Around 1,600 active lenders were asked how the Brexit vote and subsequent economic volatility would affect their levels of investment in P2P lending as a relative share of their investment portfolios. Just over 62 per cent confirmed that they would be leaving it unchanged in the short-term, while 19 per cent said they would be looking to increase their portfolio allocation to P2P.

Only seven per cent said it was likely that their P2P investments would decrease, while the remaining 12 per cent said they were undecided.

The results represent a firm vote of confidence in the sector as a whole, and its ability to offer sanctuary and preferential rates to investors at a time of widespread economic uncertainty among many other asset classes.

Nick Harding, founding CEO of Lending Works, commented:

“We’re delighted to see such a significant and overwhelmingly positive response to our poll, which is indicative of the confidence our customers have in peer-to-peer lending, despite the volatility in the various investment markets at present.

“It was always our position that we were in favour of Britain remaining in the European Union.

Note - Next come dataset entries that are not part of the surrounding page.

definition visits_all :: "nat \<Rightarrow> nat list list \<Rightarrow> nat \<Rightarrow> nat list \<Rightarrow> bool" where
  "visits_all n R x cs \<longleftrightarrow> {0..<n} \<subseteq> {at_site R x cs i | i. i \<le> length cs}"

definition feasible :: "nat \<Rightarrow> nat list list \<Rightarrow> bool" where
  "feasible n R \<longleftrightarrow>
     (\<forall>x\<in>start_sites R. \<exists>cs. realizable R x cs \<and> visits_all n R x cs)"

text \<open>A deterministic strategy with full knowledge of the graph and unlimited memory
  determines, for each injection site, the finite sequence of moves performed before
  halting (the agent receives no further input that is not determined by the graph
  and the injection site).\<close>
definition solves :: "nat \<Rightarrow> nat list list \<Rightarrow> (nat \<Rightarrow> nat list) \<Rightarrow> bool" where
  "solves n R \<sigma> \<longleftrightarrow>
     (\<forall>x\<in>start_sites R. realizable R x (\<sigma> x) \<and> visits_all n R x (\<sigma> x))"

definition min_moves :: "nat \<Rightarrow> nat list list \<Rightarrow> nat" where
  "min_moves n R = (LEAST m. \<exists>\<sigma>. solves n R \<sigma> \<and>
     (\<forall>x\<in>start_sites R. length (\<sigma> x) \<le> m))"

end

theory Submission
  imports Defs
begin

(*
  The hard instances are chains of m simple-cycle routes C_0, ..., C_{m-1} of
  alternating periods p and p+1 on n = 2p+m-2 sites.  Two carriers on different
  routes C_j, C_j' are ever at the same site at the same time only if |j - j'| = 1,
  and then only at times t with L = p(p+1) dividing t+max(j,j').  Site 0 is visited
  only by C_0 and site 1 only by C_{m-1}.  Assigning level j to the carriers of C_j,
  an agent can raise its level only at such synchronisation times, so (level
  invariant) after i moves its level is at most i/(L-1); reaching site 1 from site 0
  therefore costs at least (m-1)(L-1)+1 moves.  The spare k-m carriers run on C_0.

  Real-number estimates show that m ~ min(k, n/3) makes the chain
  cost exceed (n-k)^2(k-2)/4, using AM-GM when k > n/3; for the remaining small
  cases the trivial instance suffices.  The main theorem follows since
  (n-k)^2 >= (1-eps)^2 n^2 when k <= eps n.
*)

lemma distinct_route_irredundant:
  assumes "distinct r" "length r \<ge> 2"
  shows "irredundant_route r"
proof -
  have "simple_route r"
    unfolding simple_route_def
  proof (intro conjI allI impI)
    show "1 \<le> length r" using assms by simp
  next
    fix i assume i: "i < length r"
    have "Suc i mod length r < length r" using i by (intro mod_less_divisor) linarith
    moreover have "Suc i mod length r \<noteq> i"
    proof (cases "Suc i < length r")
      case True then show ?thesis by simp
    next
      case False then have "Suc i = length r" using i by simp
      then show ?thesis using assms(2) by simp
    qed
    ultimately show "r ! i \<noteq> r ! (Suc i mod length r)"
      using assms(1) i nth_eq_iff_index_eq by metis
  next
    fix i j assume "i < j \<and> j < length r \<and> r ! i = r ! j"
    then show "r ! (Suc i mod length r) \<noteq> r ! (Suc j mod length r)"
      using assms(1) nth_eq_iff_index_eq by (metis less_trans nat_neq_iff)
  qed
  then show ?thesis unfolding irredundant_route_def simple_cycle_route_def using assms by simp
qed

lemma visits_all_length:
  assumes "visits_all n R x cs"
  shows "n \<le> Suc (length cs)"
proof -
  have "{0..<n} \<subseteq> at_site R x cs ` {..length cs}"
    using assms unfolding visits_all_def by auto
  then have "card {0..<n} \<le> card (at_site R x cs ` {..length cs})"
    by (intro card_mono) auto
  also have "\<dots> \<le> card {..length cs}" by (rule card_image_le) simp
  finally show ?thesis by simp
qed

lemma min_moves_lower_bound:
  assumes "feasible n R"
    and "\<And>\<sigma>. solves n R \<sigma> \<Longrightarrow> \<exists>x\<in>start_sites R. B \<le> length (\<sigma> x)"
  shows "B \<le> min_moves n R"
proof -
  define \<sigma> where "\<sigma> x = (SOME cs. realizable R x cs \<and> visits_all n R x cs)" for x
  have "solves n R \<sigma>" unfolding solves_def \<sigma>_def
    using assms(1) unfolding feasible_def by (metis (mono_tags, lifting) someI_ex)
  moreover have "finite (start_sites R)" unfolding start_sites_def by simp
  ultimately have "\<exists>m \<sigma>. solves n R \<sigma> \<and> (\<forall>x\<in>start_sites R. length (\<sigma> x) \<le> m)"
    by (intro exI[of _ "Max ((\<lambda>x. length (\<sigma> x)) ` start_sites R)"] exI[of _ \<sigma>]) auto
  from LeastI_ex[OF this] obtain \<tau> where "solves n R \<tau>"
    and "\<forall>x\<in>start_sites R. length (\<tau> x) \<le> min_moves n R"
    unfolding min_moves_def by blast
  with assms(2) show ?thesis by fastforce
qed

lemma level_invariant:
  assumes real: "realizable R x cs"
    and switch: "\<And>c d t. c < length R \<Longrightarrow> d < length R \<Longrightarrow> pos R c t = pos R d t \<Longrightarrow>
        lev d \<le> Suc (lev c) \<and> (lev d = Suc (lev c) \<longrightarrow> L dvd (t + lev d))"
    and L: "L \<ge> 1"
    and start: "cs \<noteq> [] \<Longrightarrow> lev (cs ! 0) = 0"
  shows "i < length cs \<Longrightarrow> lev (cs ! i) * (L - 1) \<le> i"
proof (induction i)
  case 0 then show ?case using start by simp
next
  case (Suc i)
  have ih: "lev (cs ! i) * (L - 1) \<le> i" using Suc by simp
  have carriers: "cs ! i < length R" "cs ! Suc i < length R" using real Suc.prems
    unfolding realizable_def by auto
  have "pos R (cs ! Suc i) (Suc i) = at_site R x cs (Suc i)" using real Suc.prems
    unfolding realizable_def by auto
  also have "\<dots> = pos R (cs ! i) (Suc i)" unfolding at_site_def by simp
  finally have meet: "pos R (cs ! i) (Suc i) = pos R (cs ! Suc i) (Suc i)" by simp
  from switch[OF carriers meet] have up: "lev (cs ! Suc i) \<le> Suc (lev (cs ! i))"
    and sync: "lev (cs ! Suc i) = Suc (lev (cs ! i)) \<longrightarrow> L dvd (Suc i + lev (cs ! Suc i))"
    by auto
  show ?case
  proof (cases "lev (cs ! Suc i) = Suc (lev (cs ! i))")
    case False
    then have "lev (cs ! Suc i) * (L - 1) \<le> lev (cs ! i) * (L - 1)"
      using up by (intro mult_right_mono) simp_all
    then show ?thesis using ih by linarith
  next
    case True
    define j where "j = lev (cs ! i)"
    obtain a where a: "Suc i + Suc j = L * a" using sync True j_def by (auto elim: dvdE)
    have ih': "j * (L - 1) \<le> i" using ih j_def by simp
    text \<open>The multiple L*a of L lies strictly between L*j and L*(j+1) otherwise.\<close>
    have "Suc j * (L - 1) \<le> Suc i"
    proof (rule ccontr)
      assume late: "\<not> ?thesis"
      have "Suc j * (L - 1) + Suc j = L * Suc j" "j * (L - 1) + Suc j = L * j + 1"
        using L by (cases L; simp add: algebra_simps)+
      then have "L * a < L * Suc j" "L * j < L * a"
        using late ih' a by linarith+
      then show False using mult_less_cancel1 by (metis less_Suc_eq_le not_less)
    qed
    then show ?thesis using True j_def by simp
  qed
qed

But, as a company, and indeed as part of the wider P2P industry, we’ve also firmly held the belief that our immediate exposure to the ramifications of Brexit would be minimal and indirect. As a result, we’re confident that we’re well placed to offer stability to investors at a time of great uncertainty, and it’s wonderful to see this viewpoint echoed in this response from our active customers.”

Focus on partnerships and growth

Lending Works also conducted more in-depth research with 30 of its most engaged lenders to further understand the thought processes of a typical P2P investor following the UK’s vote to leave the EU. The group was asked four qualitative-style questions, which looked at attitudes towards the company, P2P lending in general, and other asset classes in the context of Brexit.

Responses regarding fears in terms of other investments were mixed, but overall the group held a comfortable and optimistic outlook on the merits of P2P lending. While the risk of increased defaults in the event of a downturn was acknowledged, most participants were at ease with the levels of protection in place to deal with such a threat. A greater concern among participants was the potential impact on interest rates within the sector, while many also conveyed that the arrival of the Innovative Finance ISA (IFISA) was the issue most prominent in their minds.

Harding added:

“Our ongoing mission is to better understand the rationale behind the decisions our customers make. After all, our lender base is made up of many successful investors with plenty of expertise to offer. We were once again struck by the optimistic attitude of our lenders, with regard to both the short and long-term prospects of P2P lending.

“Their concerns about rates offered through a platform such as ours being suppressed by external forces are duly noted. Yet while there can be no guarantees, we are immensely confident that returns will remain equally, if not more, competitive in relation to other asset classes in terms of risk and reward for the foreseeable future – regardless of what happens to rates in the wider economy.

“We also share our investors’ sense of anticipation regarding the launch of the new IFISA – something we’re expecting to happen very soon, and which will bring great benefits for many years to come.”